+++ Data

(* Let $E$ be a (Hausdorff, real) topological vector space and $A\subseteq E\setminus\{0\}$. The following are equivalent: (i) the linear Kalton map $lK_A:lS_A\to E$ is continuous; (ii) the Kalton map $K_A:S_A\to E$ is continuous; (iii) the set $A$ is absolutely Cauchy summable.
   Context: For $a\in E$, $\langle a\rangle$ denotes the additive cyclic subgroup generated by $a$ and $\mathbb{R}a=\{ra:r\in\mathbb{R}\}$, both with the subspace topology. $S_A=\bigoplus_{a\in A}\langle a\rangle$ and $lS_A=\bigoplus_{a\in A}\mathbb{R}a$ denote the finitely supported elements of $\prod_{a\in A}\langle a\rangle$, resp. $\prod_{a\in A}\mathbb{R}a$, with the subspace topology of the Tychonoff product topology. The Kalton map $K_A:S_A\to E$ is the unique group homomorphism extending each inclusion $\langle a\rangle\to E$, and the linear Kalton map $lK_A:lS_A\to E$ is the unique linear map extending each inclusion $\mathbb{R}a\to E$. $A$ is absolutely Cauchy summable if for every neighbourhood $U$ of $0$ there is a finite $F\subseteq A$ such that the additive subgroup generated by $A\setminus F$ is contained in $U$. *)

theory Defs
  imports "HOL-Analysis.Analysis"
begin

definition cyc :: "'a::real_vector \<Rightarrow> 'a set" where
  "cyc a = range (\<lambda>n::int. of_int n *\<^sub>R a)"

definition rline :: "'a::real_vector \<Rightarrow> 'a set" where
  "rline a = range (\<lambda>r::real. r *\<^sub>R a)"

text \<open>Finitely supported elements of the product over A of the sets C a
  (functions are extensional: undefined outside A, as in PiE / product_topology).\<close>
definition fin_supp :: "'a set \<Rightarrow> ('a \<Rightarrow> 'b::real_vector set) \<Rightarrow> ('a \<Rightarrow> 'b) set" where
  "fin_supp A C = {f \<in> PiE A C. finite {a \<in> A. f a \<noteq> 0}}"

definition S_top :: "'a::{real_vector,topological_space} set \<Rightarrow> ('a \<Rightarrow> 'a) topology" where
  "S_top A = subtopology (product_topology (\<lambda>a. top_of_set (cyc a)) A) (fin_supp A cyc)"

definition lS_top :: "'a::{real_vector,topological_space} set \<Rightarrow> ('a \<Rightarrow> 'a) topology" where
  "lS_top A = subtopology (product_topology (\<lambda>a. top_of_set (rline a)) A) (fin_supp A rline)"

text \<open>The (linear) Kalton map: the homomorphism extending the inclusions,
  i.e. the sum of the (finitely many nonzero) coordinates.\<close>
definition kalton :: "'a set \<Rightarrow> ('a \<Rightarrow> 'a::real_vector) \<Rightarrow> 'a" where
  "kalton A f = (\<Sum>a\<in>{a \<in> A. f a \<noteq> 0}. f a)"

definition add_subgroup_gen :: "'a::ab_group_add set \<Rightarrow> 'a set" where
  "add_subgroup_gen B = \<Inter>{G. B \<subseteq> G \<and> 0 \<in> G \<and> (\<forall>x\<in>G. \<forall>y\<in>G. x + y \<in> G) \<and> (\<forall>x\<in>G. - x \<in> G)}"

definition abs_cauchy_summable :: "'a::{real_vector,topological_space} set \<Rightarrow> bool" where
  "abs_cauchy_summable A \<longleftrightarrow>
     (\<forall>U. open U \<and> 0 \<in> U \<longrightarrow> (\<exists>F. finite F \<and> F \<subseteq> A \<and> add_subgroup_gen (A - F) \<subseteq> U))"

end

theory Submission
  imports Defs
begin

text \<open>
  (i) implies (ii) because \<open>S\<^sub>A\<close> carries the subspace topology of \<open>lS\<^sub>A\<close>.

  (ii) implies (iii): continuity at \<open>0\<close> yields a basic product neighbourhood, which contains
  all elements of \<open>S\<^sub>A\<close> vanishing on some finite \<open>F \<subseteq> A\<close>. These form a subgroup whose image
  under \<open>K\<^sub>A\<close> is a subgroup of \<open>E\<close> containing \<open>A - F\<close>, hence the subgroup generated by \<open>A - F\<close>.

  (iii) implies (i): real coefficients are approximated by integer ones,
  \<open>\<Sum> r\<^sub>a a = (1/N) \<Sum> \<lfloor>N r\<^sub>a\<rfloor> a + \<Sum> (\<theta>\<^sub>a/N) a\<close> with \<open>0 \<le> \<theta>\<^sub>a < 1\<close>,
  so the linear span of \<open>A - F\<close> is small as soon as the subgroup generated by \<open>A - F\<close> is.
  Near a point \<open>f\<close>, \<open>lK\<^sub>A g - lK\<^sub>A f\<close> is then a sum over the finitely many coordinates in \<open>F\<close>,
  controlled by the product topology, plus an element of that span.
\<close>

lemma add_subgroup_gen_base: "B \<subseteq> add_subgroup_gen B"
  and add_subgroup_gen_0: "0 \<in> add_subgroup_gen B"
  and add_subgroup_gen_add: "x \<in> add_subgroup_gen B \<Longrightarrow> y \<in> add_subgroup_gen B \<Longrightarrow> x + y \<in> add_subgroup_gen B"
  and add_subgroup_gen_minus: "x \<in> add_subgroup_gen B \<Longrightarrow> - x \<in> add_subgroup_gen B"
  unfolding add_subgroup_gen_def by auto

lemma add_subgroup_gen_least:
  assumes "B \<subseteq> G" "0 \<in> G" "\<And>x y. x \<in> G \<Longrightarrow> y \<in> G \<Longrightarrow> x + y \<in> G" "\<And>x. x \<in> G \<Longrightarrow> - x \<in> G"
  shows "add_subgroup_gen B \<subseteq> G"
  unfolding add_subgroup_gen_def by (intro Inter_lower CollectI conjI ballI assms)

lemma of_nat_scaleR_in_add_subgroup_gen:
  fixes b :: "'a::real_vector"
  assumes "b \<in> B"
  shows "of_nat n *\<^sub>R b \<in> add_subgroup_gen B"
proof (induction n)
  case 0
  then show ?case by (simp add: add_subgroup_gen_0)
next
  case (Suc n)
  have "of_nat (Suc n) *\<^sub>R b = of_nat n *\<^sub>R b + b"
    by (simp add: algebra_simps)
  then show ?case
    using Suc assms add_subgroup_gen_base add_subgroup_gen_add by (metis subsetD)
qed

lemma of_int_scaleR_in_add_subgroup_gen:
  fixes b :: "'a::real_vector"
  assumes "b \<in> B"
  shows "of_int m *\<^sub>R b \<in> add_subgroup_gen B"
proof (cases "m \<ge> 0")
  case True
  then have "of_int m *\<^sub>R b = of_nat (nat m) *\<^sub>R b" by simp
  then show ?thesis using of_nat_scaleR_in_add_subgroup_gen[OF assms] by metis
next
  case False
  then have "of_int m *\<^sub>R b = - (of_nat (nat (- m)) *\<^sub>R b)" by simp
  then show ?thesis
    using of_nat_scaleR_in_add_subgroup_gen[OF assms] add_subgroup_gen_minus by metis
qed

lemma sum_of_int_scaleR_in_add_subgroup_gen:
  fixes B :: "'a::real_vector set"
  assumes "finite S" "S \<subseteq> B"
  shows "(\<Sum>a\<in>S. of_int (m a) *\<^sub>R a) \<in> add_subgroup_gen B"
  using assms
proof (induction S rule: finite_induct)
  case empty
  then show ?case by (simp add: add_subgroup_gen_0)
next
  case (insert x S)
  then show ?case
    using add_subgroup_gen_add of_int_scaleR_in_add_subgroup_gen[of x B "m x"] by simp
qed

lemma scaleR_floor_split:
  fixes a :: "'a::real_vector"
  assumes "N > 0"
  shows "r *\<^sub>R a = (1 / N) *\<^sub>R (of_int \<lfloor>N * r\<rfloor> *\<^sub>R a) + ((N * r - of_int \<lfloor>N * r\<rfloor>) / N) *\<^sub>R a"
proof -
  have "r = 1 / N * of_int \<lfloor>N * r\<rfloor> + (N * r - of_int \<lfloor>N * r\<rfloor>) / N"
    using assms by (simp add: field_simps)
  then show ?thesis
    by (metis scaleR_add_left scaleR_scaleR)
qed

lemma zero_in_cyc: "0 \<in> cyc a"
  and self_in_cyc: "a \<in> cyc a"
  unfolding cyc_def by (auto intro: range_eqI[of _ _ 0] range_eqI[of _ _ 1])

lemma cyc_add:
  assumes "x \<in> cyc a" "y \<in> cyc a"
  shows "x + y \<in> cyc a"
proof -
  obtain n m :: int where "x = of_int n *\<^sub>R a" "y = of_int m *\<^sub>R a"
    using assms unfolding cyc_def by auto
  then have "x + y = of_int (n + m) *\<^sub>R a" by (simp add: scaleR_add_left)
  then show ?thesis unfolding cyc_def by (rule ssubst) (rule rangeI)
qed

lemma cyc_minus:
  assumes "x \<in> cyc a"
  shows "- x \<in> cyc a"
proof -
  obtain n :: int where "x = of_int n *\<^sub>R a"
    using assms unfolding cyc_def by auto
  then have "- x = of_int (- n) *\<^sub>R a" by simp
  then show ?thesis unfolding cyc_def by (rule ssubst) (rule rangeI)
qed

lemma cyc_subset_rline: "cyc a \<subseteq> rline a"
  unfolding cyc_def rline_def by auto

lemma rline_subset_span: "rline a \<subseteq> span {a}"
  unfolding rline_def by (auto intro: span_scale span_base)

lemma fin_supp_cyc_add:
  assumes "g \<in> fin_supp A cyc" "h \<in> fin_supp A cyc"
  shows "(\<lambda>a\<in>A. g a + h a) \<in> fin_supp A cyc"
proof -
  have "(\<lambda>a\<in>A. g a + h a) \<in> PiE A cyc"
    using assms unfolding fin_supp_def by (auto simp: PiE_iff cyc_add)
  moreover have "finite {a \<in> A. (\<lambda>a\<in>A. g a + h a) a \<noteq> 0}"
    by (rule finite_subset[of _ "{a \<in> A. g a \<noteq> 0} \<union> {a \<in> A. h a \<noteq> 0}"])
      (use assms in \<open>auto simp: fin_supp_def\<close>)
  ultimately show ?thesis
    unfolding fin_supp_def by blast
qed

++++++
+++ Data

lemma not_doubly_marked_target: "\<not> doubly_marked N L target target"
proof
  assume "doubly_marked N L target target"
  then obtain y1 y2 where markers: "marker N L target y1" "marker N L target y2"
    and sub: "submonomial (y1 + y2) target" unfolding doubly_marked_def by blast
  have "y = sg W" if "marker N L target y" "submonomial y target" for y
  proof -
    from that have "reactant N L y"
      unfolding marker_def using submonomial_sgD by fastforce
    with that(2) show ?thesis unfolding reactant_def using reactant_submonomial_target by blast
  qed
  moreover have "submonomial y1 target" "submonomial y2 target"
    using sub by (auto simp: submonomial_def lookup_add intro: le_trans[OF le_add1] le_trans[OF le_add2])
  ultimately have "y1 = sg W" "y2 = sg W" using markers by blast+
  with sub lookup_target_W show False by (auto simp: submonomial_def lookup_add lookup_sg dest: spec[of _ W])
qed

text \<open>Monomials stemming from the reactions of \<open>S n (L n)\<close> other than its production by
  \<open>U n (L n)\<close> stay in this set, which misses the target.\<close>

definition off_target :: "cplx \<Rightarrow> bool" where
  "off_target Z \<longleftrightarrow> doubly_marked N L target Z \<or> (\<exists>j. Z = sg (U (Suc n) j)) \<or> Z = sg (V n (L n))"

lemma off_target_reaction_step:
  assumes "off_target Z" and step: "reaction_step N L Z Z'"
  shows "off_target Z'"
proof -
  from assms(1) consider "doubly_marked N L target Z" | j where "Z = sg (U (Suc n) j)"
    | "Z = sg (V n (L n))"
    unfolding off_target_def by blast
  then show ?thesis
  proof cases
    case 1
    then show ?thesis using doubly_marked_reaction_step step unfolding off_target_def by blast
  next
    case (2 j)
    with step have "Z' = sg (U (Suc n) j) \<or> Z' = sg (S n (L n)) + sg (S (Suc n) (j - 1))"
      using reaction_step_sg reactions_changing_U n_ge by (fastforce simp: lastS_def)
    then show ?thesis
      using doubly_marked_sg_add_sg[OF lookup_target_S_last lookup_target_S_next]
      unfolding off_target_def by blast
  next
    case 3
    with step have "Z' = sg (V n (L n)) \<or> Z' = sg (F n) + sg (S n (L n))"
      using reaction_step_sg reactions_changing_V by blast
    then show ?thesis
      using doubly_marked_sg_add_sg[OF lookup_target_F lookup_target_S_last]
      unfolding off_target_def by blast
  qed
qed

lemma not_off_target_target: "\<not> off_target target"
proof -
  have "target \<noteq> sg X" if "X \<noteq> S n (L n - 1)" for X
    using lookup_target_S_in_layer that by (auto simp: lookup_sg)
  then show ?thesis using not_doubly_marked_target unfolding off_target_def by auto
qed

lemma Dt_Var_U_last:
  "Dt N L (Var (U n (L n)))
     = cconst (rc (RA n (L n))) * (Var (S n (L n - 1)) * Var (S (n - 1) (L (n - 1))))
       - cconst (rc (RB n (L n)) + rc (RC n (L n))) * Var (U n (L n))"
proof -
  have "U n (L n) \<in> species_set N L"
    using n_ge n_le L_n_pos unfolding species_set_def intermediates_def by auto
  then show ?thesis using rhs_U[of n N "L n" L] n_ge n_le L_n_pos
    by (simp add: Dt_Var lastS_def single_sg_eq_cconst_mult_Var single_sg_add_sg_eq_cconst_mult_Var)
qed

++++++
+++ Data

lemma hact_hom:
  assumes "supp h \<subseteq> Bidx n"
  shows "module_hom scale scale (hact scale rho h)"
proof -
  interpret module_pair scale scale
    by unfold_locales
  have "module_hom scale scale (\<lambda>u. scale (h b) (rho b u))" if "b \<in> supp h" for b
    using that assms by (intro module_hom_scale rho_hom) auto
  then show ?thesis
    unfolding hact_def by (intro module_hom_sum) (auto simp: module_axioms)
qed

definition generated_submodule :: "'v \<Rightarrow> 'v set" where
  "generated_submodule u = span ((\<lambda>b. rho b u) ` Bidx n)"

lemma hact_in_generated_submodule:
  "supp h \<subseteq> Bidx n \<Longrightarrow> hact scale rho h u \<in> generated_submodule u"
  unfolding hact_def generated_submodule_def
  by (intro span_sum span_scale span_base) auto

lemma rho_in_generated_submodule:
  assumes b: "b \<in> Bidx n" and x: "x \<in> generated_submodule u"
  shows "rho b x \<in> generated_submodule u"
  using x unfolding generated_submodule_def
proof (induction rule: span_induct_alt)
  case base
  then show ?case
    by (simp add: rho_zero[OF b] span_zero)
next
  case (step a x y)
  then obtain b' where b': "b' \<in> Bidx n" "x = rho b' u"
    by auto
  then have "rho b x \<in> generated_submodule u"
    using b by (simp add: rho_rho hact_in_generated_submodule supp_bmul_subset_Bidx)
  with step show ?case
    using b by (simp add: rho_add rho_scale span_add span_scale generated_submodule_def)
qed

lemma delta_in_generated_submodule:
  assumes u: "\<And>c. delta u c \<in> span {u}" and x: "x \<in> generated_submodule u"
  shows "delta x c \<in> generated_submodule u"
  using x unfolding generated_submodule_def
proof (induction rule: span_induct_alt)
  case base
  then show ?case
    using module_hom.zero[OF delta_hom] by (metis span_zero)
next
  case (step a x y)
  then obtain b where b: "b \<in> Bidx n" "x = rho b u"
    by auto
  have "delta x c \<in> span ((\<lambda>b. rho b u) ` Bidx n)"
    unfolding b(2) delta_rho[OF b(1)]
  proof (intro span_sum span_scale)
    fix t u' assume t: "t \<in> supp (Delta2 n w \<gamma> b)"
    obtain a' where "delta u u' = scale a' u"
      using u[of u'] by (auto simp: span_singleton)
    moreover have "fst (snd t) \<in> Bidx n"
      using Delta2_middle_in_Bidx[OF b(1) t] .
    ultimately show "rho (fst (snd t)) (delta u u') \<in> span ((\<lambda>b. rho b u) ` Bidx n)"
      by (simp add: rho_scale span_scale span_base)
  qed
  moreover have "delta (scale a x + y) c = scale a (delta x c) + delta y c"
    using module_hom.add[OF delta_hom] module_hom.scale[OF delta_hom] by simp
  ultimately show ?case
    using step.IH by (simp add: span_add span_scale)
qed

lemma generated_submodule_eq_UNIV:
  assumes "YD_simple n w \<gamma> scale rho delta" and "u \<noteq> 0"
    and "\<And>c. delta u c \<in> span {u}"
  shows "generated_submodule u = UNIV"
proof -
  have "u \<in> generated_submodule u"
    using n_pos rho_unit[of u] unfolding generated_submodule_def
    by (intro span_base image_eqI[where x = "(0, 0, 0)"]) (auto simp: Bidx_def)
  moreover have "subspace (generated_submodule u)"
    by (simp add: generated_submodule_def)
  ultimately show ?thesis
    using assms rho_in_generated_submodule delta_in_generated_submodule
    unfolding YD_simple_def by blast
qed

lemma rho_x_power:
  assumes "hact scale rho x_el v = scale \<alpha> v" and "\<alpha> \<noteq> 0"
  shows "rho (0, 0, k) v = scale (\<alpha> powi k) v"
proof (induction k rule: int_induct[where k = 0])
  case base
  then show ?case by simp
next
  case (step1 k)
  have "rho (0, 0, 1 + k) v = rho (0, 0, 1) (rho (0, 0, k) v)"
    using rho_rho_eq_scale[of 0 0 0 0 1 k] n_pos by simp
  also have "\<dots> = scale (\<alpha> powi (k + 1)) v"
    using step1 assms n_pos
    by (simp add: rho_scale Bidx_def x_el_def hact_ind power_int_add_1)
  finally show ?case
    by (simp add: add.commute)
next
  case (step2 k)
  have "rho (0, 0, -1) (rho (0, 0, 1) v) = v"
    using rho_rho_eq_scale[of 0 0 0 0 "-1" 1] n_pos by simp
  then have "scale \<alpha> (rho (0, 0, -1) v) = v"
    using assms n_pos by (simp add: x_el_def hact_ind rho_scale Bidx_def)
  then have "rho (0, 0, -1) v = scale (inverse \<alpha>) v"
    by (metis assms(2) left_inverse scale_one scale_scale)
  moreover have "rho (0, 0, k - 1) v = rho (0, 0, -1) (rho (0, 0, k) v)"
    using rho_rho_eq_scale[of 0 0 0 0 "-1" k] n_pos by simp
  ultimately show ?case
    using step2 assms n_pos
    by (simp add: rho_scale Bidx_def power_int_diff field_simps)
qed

++++++

## Task:
Count how many lines of the entries contain the word "coordinates", and respond with that count only.

## Task answer:
2